Geschickt verstrickte Handlungsstränge, die anscheinend nichts gemein haben, werden auf tolle Art am Ende zu einem gemacht. Zwei Kinder (4 und 9 Jahre)...ihre Mutter verschwunden, durchqueren völlig auf sich allein gestellt Berlin, auf der Suche nach ihrem Opa. Denn anscheinend hat es Mama vor ihrem Verschwinden so gewollt. Dann Herr Kalkbrenner, der Ermittler, der in zwei unterschiedlichen Fällen agiert, die auf dem ersten Blick absolut nichts miteinander zu tun haben. Und eine völlig aufgelöste Zoé, die mit einer Amnesie mitten in Berlin aufwacht und niemanden (noch nicht einmal der Polizei) trauen darf. Die erste Hälfte des Buches entspricht etwas völlig anderem als einem schönen Märchen. Denn von Kannibalismus habe ich bisher noch nicht viele Bücher gelesen. Als mich Martin zu der zweiten Leiche führte, war ich sofort in dem Film "Sieben" gefangen. Als es zum Kannibalismus weiter führte, streiften meine Gedanken den Film "Hannibal". Für mich alles grandiose Geschichten. Und Martin mitten drin! Was ich besonders schätze sind dieselben Handlungen, die aus verschiedenen Sichten erzählt werden. Zb.: Max und Ellie überqueren eine Straße und werden fast überfahren...einige Kapitel später fährt Kalkbrenner mit dem Auto und muss scharf bremsen, weil Kinder über die Straße laufen. Martin lässt in seinen Büchern die Protagonisten ab und an über den Weg laufen, welches bei mir jedes mal ein "Wow-Effekt" auslöst. Zudem bedarf Martin keiner großen, ausschweifenden Worte. Er setzt vielmehr auf eine kurze und knackige Erzählweise, die dennoch sehr Aussagekräftig ist. Zudem finde ich die optischen Reize in dem Buch sehr gut. Martin nutzt zwischendurch die kursive Schrift, um den Leser in die Gedanken des Protagonisten zu entführen.

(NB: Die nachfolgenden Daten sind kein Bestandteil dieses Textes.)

(* Fast exponents exist: let n_i = 2 (g_0 + ... + g_i), where g_k makes
   (K_0 + ... + K_k) r^g_k at most 4^(-k). *)
lemma fast_exponents_exist:
  assumes K: "\<And>i. 0 \<le> K i" and r: "0 < r" "r < 1"
  shows "\<exists>n. fast_exponents K r n"
proof -
  define T where "T k = (\<Sum>l\<le>k. K l)" for k
  have K_le_T: "K i \<le> T k" if "i \<le> k" for i k
    unfolding T_def by (rule member_le_sum) (use that K in auto)
  have "\<forall>k. \<exists>N. T k * r ^ N \<le> (1/4) ^ k" using decay_exponent_exists r by simp
  then obtain g where g: "\<And>k. T k * r ^ g k \<le> (1/4) ^ k" by metis
  define n where "n i = 2 * (\<Sum>k\<le>i. g k)" for i
  have g_le_n: "g i \<le> n i" for i using member_le_sum[of i "{..i}" g] by (simp add: n_def)
  have gap: "n i + g j \<le> n j" if "i < j" for i j
  proof -
    have "{..j} = {..i} \<union> {i<..j}" using that by auto
    then have "(\<Sum>k\<le>j. g k) = (\<Sum>k\<le>i. g k) + (\<Sum>k\<in>{i<..j}. g k)"
      by (metis sum.union_disjoint finite_atMost finite_greaterThanAtMost
          atMost_iff greaterThanAtMost_iff disjoint_iff not_le)
    moreover have "g j \<le> (\<Sum>k\<in>{i<..j}. g k)" by (rule member_le_sum) (use that in auto)
    ultimately show ?thesis by (simp add: n_def)
  qed
  have decay: "K i * r ^ d \<le> (1/2) ^ m" if "i \<le> k" "g k \<le> d" "m \<le> 2 * k" for i k d m
  proof -
    have "K i * r ^ d \<le> T k * r ^ g k"
      using K_le_T[OF that(1)] power_decreasing[OF that(2), of r] r K[of i]
      by (intro mult_mono) auto
    also have "\<dots> \<le> (1/4) ^ k" by (rule g)
    also have "(1/4::real) ^ k = (1/2) ^ (2 * k)" by (simp add: power_mult power2_eq_square)
    also have "\<dots> \<le> (1/2) ^ m" by (rule power_decreasing) (use that in auto)
    finally show ?thesis .
  qed
  have "K i * r ^ nat_absdiff (n j) (n i) \<le> (1/2) ^ (i + j)" if "i \<noteq> j" for i j
  proof (rule decay)
    show "g (max i j) \<le> nat_absdiff (n j) (n i)"
      using gap[of i j] gap[of j i] that by (cases "i < j") (auto simp: nat_absdiff_def max_def)
  qed auto
  moreover have "K i * r ^ n i \<le> (1/2) ^ i" for i by (rule decay[OF order_refl g_le_n]) simp
  ultimately have "fast_exponents K r n" by (simp add: fast_exponents_def n_def)
  then show ?thesis by blast
qed
lemma apery_a_pred_prime_cong:
  assumes p: "prime p"
  shows "[apery_a (p - 1) = 1] (mod int p)"
proof -
  have "apery_a (p - 1) = 1 + (\<Sum>k=1..p-1. int (p - 1 choose k)^2 * int (p - 1 + k choose k))"
    unfolding apery_a_def by (simp add: sum.atLeast_Suc_atMost)
  moreover have "int p dvd (\<Sum>k=1..p-1. int (p - 1 choose k)^2 * int (p - 1 + k choose k))"
  proof (intro dvd_sum dvd_mult)
    fix k assume "k \<in> {1..p-1}"
    then have "p dvd (p - 1 + k choose k)"
      using prime_gt_1_nat[OF p] by (intro prime_dvd_binomial[OF p]) auto
    then show "int p dvd int (p - 1 + k choose k)"
      by simp
  qed
  ultimately show ?thesis
    unfolding cong_iff_dvd_diff by simp
qed

lemma binomial_pred_prime_cong:
  assumes p: "prime p"
  shows "k < p \<Longrightarrow> [int (p - 1 choose k) = (-1)^k] (mod int p)"
proof (induction k)
  case (Suc k)
  have "p choose Suc k = (p - 1 choose k) + (p - 1 choose Suc k)"
    using prime_gt_1_nat[OF p] binomial_Suc_Suc[of "p - 1" k] by simp
  moreover have "p dvd p choose Suc k"
    using Suc.prems p by (intro dvd_choose_prime) auto
  ultimately have "[int (p - 1 choose Suc k) = - int (p - 1 choose k)] (mod int p)"
    unfolding cong_iff_dvd_diff by (metis diff_minus_eq_add add.commute of_nat_add of_nat_dvd_iff)
  also have "[- int (p - 1 choose k) = - ((-1)^k)] (mod int p)"
    using Suc by (simp add: cong_minus_minus_iff)
  finally show ?case
    by simp
qed simp

lemma central_binomial_cong:
  assumes p: "prime p" and "odd p"
  shows "k < p \<Longrightarrow> [int (2 * k choose k) = (-4)^k * int ((p - 1) div 2 choose k)] (mod int p)"
proof (induction k)
  case (Suc k)
  define h where "h = (p - 1) div 2"
  have ph: "int p = 2 * int h + 1"
    using \<open>odd p\<close> unfolding h_def by (auto elim!: oddE)
  have "(int k + 1) * int (2 * Suc k choose Suc k) = 2 * (2 * int k + 1) * int (2 * k choose k)"
    by (rule central_binomial_Suc_int)
  also have "[\<dots> = 2 * (2 * int k + 1) * ((-4)^k * int (h choose k))] (mod int p)"
    using Suc unfolding h_def by (intro cong_mult cong_refl) simp
  also have "[2 * (2 * int k + 1) * ((-4)^k * int (h choose k))
      = (-4)^Suc k * ((int h - int k) * int (h choose k))] (mod int p)"
  proof -
    have "2 * (2 * int k + 1) * ((-4)^k * int (h choose k)) - (-4)^Suc k * ((int h - int k) * int (h choose k))
        = int p * (2 * (-4)^k * int (h choose k))"
      unfolding ph by (simp add: algebra_simps)
    then show ?thesis
      unfolding cong_iff_dvd_diff by simp
  qed
  also have "(-4)^Suc k * ((int h - int k) * int (h choose k)) = (int k + 1) * ((-4)^Suc k * int (h choose Suc k))"
    unfolding Suc_times_binomial_eq_diff_int[symmetric] by (simp only: mult_ac)
  finally have eq: "[(int k + 1) * int (2 * Suc k choose Suc k) = (int k + 1) * ((-4)^Suc k * int (h choose Suc k))] (mod int p)" .
  show ?case
    using eq[unfolded h_def] cong_mult_lcancel[OF coprime_Suc_prime_int[OF p Suc.prems]] by blast
qed simp
text \<open>A vertex \<open>z\<close> with three neighbours \<open>u, w, x\<close>, where \<open>w\<close> has a further neighbour
  \<open>y \<notin> {u, z}\<close>, yields in the line graph a vertex \<open>zw\<close> with neighbours \<open>uz, zx, wy\<close>, where
  \<open>uz\<close> is adjacent to \<open>zx\<close> but not to \<open>wy\<close>; so the second line graph has no constant \<open>\<lambda>\<close>.\<close>

lemma not_srg_line_graph_line_graph_if_min_degree_3:
  assumes G: "finite_simple_graph G" and "verts G \<noteq> {}"
    and deg: "\<And>v. v \<in> verts G \<Longrightarrow> 3 \<le> card (neighbours G v)"
  shows "\<not> strongly_regular (line_graph (line_graph G))"
proof
  assume "strongly_regular (line_graph (line_graph G))"
  then obtain n k l m where L: "srg_params (line_graph (line_graph G)) n k l m"
    unfolding strongly_regular_def by blast
  have another: "\<exists>x \<in> neighbours G v. x \<notin> B" if "v \<in> verts G" "finite B" "card B \<le> 2" for v B
    using ex_in_diff_if_card_less[OF that(2)] deg[OF that(1)] that(3) by simp
  obtain z where z: "z \<in> verts G" using assms(2) by blast
  obtain w where w: "w \<in> neighbours G z" using another[OF z, of "{}"] by auto
  obtain u where u: "u \<in> neighbours G z" "u \<noteq> w" using another[OF z, of "{w}"] by auto
  obtain x where x: "x \<in> neighbours G z" "x \<noteq> u" "x \<noteq> w"
    using another[OF z, of "{u, w}"] by (cases "u = w") auto
  have "w \<in> verts G" using w by (simp add: mem_neighbours)
  then obtain y where y: "y \<in> neighbours G w" "y \<noteq> u" "y \<noteq> z"
    using another[of w "{u, z}"] by (cases "u = z") auto
  have adj: "adj G u z" "adj G z w" "adj G z x" "adj G w y"
    using u w x y by (auto simp: mem_neighbours adj_commute)
  then have "z \<noteq> w" "z \<noteq> u" using not_adj_self[OF G] by auto
  let ?H = "line_graph G"
  have "adj ?H {u, z} {z, x} \<longleftrightarrow> adj ?H {u, z} {w, y}"
  proof (rule srg_line_graph_adj_iff[OF finite_simple_graph_line_graph[OF G] L])
    show "adj ?H {u, z} {z, w}" "adj ?H {z, w} {z, x}" "adj ?H {z, w} {w, y}"
      using adj u x y \<open>z \<noteq> w\<close>
      by (auto simp: adj_line_graph doubleton_mem_edges doubleton_eq_iff)
    show "{u, z} \<noteq> {z, x}" "{u, z} \<noteq> {w, y}" using u x y by (auto simp: doubleton_eq_iff)
  qed
  moreover have "adj ?H {u, z} {z, x}"
    using adj x by (auto simp: adj_line_graph doubleton_mem_edges doubleton_eq_iff)
  moreover have "\<not> adj ?H {u, z} {w, y}"
    using u y \<open>z \<noteq> w\<close> by (auto simp: adj_line_graph)
  ultimately show False by blast
qed

theorem mainTheorem10:
  fixes G :: "'a graph"
  assumes "finite_simple_graph G"
    and "strongly_regular G"
    and "\<not> graph_iso G (cycle_graph 3)"
    and "\<not> graph_iso G (cycle_graph 4)"
    and "\<not> graph_iso G (cycle_graph 5)"
    and "\<not> (\<exists>k\<ge>1. graph_iso G (triangles k))"
  shows "\<not> strongly_regular G \<or> \<not> strongly_regular (line_graph G)
         \<or> \<not> strongly_regular (line_graph (line_graph G))"
proof (rule ccontr)
  assume "\<not> ?thesis"
  then have LL: "strongly_regular (line_graph (line_graph G))" by blast
  obtain n k l m where srg: "srg_params G n k l m"
    using assms(2) unfolding strongly_regular_def by blast
  then have deg: "\<And>v. v \<in> verts G \<Longrightarrow> card (neighbours G v) = k"
    by (simp add: srg_params_def)
  obtain n' k' l' m' where "srg_params (line_graph (line_graph G)) n' k' l' m'"
    using LL unfolding strongly_regular_def by blast
  then have "edges (line_graph G) \<noteq> {}" using srg_params_verts_nonempty by fastforce
  then obtain z where "z \<in> verts G" "2 \<le> card (neighbours G z)"
    using obtain_vertex_of_degree_ge_2[OF assms(1)] by blast
  then have "2 \<le> k" using deg by simp
  show False
  proof (cases "k = 2")
    case True
    then interpret two_regular_srg G n l m using srg by unfold_locales simp
    show False using graph_iso_cases assms(4-6) by blast
  next
    case False
    then have "\<not> strongly_regular (line_graph (line_graph G))"
      using \<open>2 \<le> k\<close> deg
      by (intro not_srg_line_graph_line_graph_if_min_degree_3[OF assms(1) srg_params_verts_nonempty[OF srg]])
        simp
    then show False using LL by blast
  qed
qed

end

Was mich besonders faszinierte, waren die Gefühle hinter den Kapiteln. Wenn ich mit Max und Ellie das Kapitel durchstreifte, fühlte ich mich trotz des Geschehens sicher und geborgen. Das lag vor allen Dingen daran, dass jegliche Geschehnisse mit Märchenfiguren erklärt wurden. Somit war die Welt der Kinder ein Abenteuer mit Feen, Riesen und Gnomen. Die Erwachsenenwelt jedoch war grausam und mir viel Brutalität dargestellt. Warum dennoch 4 Sterne?

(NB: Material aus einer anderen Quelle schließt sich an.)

(* Let $\epsilon>0$ and let $u^1,u^2$ be smooth functions on $[0,1]^2$; denote also by $u^1,u^2$ their restrictions to the grid $(x_i,y_j)=(i\Delta x,j\Delta y)$, $i=0,\dots,N-1$, $j=0,\dots,M-1$, $(N-1)\Delta x=(M-1)\Delta y=1$. Let $D_x=P_x^{-1}Q_x$, $D_y=P_y^{-1}Q_y$ be summation-by-parts operators with $P_x=\Delta x\,\mathrm{diag}(p^x_0,\dots,p^x_{N-1})$, $P_y=\Delta y\,\mathrm{diag}(p^y_0,\dots,p^y_{M-1})$, positive entries, $Q_x+Q_x^T=R_N-L_N$, $Q_y+Q_y^T=R_M-L_M$; assume moreover that for every smooth $\bar u$ with grid restriction $u$ and every grid function $w$, $\|D_x(u\circ w)-u\circ D_xw\|_{P_x}\le C_0\|\partial_x\bar u\|_{L^\infty}\|w\|_{P_x}$ (and analogously in $y$), with $C_0$ independent of the grid. Let $\mathbf V(t)=(V^1,V^2)$ solve the semi-discrete scheme with mixed boundary treatment and homogeneous data ($\mathbf g=\mathbf h=0$): $$ \mathbf V_t+u^1\circ\mathfrak{d}_x\mathbf V+u^2\circ\mathfrak{d}_y\mathbf V-C\mathbf V+\epsilon\,\mathfrak{curl}^2(\mathbf V)=\mathcal B\mathbf V+\epsilon\begin{pmatrix}(\mathcal U-\mathcal D)(I_N\otimes P_y^{-1})\,\mathfrak{curl}(\mathbf V)\\ -(\mathcal R-\mathcal L)(P_x^{-1}\otimes I_M)\,\mathfrak{curl}(\mathbf V)\end{pmatrix},\quad t>0, $$ where $C=\begin{pmatrix}-\mathfrak{d}_yu^2 & \mathfrak{d}_yu^1\\ \mathfrak{d}_xu^2 & -\mathfrak{d}_xu^1\end{pmatrix}$ (entries acting by componentwise multiplication) and $\mathcal B=(P_x^{-1}\otimes I_M)(\Sigma_{\mathcal L}\mathcal L+\Sigma_{\mathcal R}\mathcal R)+(I_N\otimes P_y^{-1})(\Sigma_{\mathcal D}\mathcal D+\Sigma_{\mathcal U}\mathcal U)$ with diagonal penalty matrices (entries $(\sigma_{\mathcal K})_{i,j}$) chosen so that $$(\sigma_{\mathcal R})_{N-1,j}\le \tfrac{u^{1,-}(1,y_j)}{2},\quad (\sigma_{\mathcal L})_{0,j}\le-\tfrac{u^{1,+}(0,y_j)}{2},\quad (\sigma_{\mathcal U})_{i,M-1}\le\tfrac{u^{2,-}(x_i,1)}{2},\quad (\sigma_{\mathcal D})_{i,0}\le-\tfrac{u^{2,+}(x_i,0)}{2}.$$ Then $$\|\mathbf V(t)\|_{\mathbf P}^2+\epsilon\int_0^t e^{c(t-s)}\|\mathfrak{curl}(\mathbf V(s))\|_{\mathbf P}^2\,ds\le e^{ct}\|\mathbf V(0)\|_{\mathbf P}^2,$$ where $c$ is a constant depending on $\mathfrak{d}_x,\mathfrak{d}_y$ and the derivatives of $u^1,u^2$, but not on $N$ or $M$.
   Context: $R_n=\mathrm{diag}(0,\dots,0,1)$, $L_n=\mathrm{diag}(1,0,\dots,0)$ ($n\times n$), $I_n$ identity, $\otimes$ Kronecker product. $\mathfrak{d}_x=D_x\otimes I_M$, $\mathfrak{d}_y=I_N\otimes D_y$, $\mathbf P=P_x\otimes P_y$, $\mathcal R=R_N\otimes I_M$, $\mathcal L=L_N\otimes I_M$, $\mathcal U=I_N\otimes R_M$, $\mathcal D=I_N\otimes L_M$. Grid functions are ordered as $(w_{0,0},w_{0,1},\dots,w_{0,M-1},w_{1,0},\dots,w_{N-1,M-1})^T$; $(u\circ w)_k=u_kw_k$; $\|w\|_{P_x}=(w^TP_xw)^{1/2}$. $(v,w)_{\mathbf P}=v^T\mathbf Pw$, $\|w\|_{\mathbf P}=(w,w)_{\mathbf P}^{1/2}$; for vector grid functions $(\mathbf V,\mathbf W)_{\mathbf P}=(V^1,W^1)_{\mathbf P}+(V^2,W^2)_{\mathbf P}$, and operators and $\mathcal B$ act componentwise. $\mathfrak{curl}(\mathbf V)=\mathfrak{d}_xV^2-\mathfrak{d}_yV^1$, $\mathfrak{curl}^2(\mathbf V)=(-\mathfrak{d}_{yy}V^1+\mathfrak{d}_{xy}V^2,\ \mathfrak{d}_{xy}V^1-\mathfrak{d}_{xx}V^2)$ with $\mathfrak{d}_{xy}=\mathfrak{d}_x\mathfrak{d}_y$, etc. $u^{l,+}=\max(u^l,0)$, $u^{l,-}=\min(u^l,0)$. *)

theory Defs
  imports "HOL-Analysis.Analysis"
begin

Das erste Drittel las sich spannend und fesselnd, welches jedoch mit der Hälfte einige Kapitel nachließ. Es plätscherte plötzlich mit einigen Nebensächlichkeiten dahin und hätte für mich ruhig kürzer gestaltet sein können. Das Ende jedoch war plötzlich und schnell vorbei. Hier hätte ich mir gern einen "Krasse Scheiße"-Effekt gewünscht. Es war einfach vorbei ohne das es eine weitere Möglichkeit gegeben hätte, Enden zu können. Einen weiteren kritischen Punkt sehe ich an der Stelle, wo Max und Ellie an zwei Kontrolleure geraten. Der Ausgang dessen ist sehr unrealistisch und an den Haaren herbei gezogen. Denn für mich wäre hier zumindest für Ellie das Märchen vorbei gewesen! Es wirkt auf mich, als wenn Martin mit aller Macht versucht, Spannung einzubauen, welches das Buch nicht nötig gehabt hätte. Gerade in Berlin ist auch das Wiedersehen zweier Kinder nicht so einfach von statten gegangen.

Dennoch möchte ich meine absolute Leseempfehlung aussprechen. Ein Märchenwald, welches nicht für Kinder geeignet und nur bei Erwachsenen mit viel Mum Anwendung finden sollte.